-- Excerpted records --
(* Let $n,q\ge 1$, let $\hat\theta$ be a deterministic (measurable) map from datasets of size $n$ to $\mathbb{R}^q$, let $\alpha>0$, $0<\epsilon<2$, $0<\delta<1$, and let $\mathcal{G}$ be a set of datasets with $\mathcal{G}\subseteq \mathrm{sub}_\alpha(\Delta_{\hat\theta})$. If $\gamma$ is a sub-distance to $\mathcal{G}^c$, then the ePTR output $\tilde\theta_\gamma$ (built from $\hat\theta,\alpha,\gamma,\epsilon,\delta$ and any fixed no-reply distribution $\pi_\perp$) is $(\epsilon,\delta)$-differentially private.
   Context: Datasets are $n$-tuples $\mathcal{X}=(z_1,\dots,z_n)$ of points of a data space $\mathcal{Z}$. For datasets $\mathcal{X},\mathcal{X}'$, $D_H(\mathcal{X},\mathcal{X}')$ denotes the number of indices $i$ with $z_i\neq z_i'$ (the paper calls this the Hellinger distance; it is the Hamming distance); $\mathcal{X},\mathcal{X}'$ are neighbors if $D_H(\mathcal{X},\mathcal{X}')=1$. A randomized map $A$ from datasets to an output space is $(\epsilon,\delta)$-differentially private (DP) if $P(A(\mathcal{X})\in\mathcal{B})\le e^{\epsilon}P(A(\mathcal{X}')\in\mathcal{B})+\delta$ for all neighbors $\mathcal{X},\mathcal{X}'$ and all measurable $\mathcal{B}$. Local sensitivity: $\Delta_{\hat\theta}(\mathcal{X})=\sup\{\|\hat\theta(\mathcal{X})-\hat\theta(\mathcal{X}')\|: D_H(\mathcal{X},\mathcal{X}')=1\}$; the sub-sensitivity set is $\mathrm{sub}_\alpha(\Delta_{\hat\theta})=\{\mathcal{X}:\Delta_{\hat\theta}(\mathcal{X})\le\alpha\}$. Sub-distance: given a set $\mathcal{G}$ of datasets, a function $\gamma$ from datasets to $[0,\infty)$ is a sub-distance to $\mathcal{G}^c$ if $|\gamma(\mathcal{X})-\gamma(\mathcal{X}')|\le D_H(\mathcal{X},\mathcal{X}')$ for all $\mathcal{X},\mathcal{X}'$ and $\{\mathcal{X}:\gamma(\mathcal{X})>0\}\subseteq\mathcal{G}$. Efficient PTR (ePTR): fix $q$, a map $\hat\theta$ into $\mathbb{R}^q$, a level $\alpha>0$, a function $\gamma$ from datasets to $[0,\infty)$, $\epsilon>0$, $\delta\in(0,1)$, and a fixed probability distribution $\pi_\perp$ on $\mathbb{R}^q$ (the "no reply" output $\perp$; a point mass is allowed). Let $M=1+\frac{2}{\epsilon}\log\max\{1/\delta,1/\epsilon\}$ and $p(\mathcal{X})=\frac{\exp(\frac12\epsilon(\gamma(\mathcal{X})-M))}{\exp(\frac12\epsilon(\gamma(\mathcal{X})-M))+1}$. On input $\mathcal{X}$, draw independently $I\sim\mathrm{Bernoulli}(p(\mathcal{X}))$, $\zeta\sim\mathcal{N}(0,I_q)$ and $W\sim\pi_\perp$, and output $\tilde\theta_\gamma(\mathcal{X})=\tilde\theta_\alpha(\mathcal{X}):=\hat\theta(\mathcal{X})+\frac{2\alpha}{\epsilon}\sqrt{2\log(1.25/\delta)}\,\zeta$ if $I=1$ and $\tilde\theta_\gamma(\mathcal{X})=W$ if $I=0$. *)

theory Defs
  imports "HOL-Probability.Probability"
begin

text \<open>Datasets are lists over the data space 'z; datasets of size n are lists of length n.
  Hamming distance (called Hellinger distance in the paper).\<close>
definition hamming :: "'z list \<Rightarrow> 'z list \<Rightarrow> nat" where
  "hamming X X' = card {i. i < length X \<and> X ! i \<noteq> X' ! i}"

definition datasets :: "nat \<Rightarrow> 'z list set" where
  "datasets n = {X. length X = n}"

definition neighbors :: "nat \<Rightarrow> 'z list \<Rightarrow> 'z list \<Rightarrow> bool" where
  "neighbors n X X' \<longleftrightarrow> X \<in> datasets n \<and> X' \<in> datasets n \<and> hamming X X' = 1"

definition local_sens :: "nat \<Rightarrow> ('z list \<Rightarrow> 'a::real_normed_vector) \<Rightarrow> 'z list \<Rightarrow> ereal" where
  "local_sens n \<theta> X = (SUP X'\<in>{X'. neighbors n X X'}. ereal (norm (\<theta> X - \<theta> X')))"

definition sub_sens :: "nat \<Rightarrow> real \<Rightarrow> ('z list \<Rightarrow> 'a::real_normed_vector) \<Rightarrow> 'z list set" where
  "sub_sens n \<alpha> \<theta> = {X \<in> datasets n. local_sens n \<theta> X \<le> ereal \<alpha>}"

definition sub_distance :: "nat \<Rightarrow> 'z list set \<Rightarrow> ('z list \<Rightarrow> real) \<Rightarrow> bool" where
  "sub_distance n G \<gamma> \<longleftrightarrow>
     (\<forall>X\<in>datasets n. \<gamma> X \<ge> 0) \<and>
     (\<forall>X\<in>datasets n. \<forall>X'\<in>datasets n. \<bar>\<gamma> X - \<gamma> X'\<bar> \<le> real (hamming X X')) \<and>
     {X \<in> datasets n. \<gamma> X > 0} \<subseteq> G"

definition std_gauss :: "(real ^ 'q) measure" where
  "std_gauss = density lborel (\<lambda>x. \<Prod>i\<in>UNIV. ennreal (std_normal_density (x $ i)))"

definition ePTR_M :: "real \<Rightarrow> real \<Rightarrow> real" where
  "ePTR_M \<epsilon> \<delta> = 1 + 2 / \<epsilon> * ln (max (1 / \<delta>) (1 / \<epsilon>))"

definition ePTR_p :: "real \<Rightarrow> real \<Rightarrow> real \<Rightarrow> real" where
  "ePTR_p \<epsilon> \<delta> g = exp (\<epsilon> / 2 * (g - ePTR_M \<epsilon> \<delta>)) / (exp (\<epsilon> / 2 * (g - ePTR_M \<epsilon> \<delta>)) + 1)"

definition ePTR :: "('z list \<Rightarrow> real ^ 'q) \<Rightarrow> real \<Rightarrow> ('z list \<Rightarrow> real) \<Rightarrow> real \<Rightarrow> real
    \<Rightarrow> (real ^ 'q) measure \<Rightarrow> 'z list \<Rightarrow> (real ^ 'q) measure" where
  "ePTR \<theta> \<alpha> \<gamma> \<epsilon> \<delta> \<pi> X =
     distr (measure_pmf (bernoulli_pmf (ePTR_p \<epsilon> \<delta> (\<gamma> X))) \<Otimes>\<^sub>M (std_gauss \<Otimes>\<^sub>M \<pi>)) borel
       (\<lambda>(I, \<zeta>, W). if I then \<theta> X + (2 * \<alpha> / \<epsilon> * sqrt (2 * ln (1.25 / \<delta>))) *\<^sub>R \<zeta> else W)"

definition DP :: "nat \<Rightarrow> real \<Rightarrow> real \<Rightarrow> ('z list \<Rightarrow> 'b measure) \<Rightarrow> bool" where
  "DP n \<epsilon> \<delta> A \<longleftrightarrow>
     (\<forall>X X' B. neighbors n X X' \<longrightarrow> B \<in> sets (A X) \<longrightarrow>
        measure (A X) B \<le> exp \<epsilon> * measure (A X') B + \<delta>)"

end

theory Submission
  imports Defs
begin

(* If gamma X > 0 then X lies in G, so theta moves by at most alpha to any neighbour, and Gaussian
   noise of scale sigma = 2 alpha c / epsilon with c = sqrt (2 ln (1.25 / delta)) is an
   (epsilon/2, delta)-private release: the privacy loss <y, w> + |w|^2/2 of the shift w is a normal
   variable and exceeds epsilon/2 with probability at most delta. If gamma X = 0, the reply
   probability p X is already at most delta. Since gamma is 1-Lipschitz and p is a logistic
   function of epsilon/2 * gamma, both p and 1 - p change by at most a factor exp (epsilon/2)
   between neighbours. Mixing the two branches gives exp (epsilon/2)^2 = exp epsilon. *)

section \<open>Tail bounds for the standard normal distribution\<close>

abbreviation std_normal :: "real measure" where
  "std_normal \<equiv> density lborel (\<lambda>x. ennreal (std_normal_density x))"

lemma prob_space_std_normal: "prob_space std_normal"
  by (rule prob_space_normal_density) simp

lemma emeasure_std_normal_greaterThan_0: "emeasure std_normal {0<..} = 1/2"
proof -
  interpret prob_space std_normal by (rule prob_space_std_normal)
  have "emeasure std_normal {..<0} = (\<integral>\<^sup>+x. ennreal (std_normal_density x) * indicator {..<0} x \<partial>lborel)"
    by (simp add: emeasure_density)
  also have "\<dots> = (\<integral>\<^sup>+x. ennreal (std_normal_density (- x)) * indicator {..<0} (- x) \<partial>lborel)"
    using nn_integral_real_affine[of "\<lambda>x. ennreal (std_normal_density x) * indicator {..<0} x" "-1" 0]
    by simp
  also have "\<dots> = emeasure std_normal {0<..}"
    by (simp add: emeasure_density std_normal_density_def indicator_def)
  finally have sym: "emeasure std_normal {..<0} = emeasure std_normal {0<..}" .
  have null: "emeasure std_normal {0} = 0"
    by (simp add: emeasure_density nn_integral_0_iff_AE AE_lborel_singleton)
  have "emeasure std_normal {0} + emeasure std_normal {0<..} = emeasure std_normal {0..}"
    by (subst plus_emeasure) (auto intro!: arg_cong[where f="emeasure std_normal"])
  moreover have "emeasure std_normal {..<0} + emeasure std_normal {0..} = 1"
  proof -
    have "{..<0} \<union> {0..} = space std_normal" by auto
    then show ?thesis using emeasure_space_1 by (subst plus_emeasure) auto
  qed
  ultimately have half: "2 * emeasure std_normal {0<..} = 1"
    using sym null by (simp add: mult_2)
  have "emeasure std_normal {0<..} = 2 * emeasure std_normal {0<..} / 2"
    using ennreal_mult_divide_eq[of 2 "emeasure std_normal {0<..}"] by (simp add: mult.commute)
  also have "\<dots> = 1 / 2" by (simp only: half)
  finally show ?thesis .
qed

-- Problem to work on --
Only one number is expected: the count of lines above that contain the string "finally".

-- Written solution --
2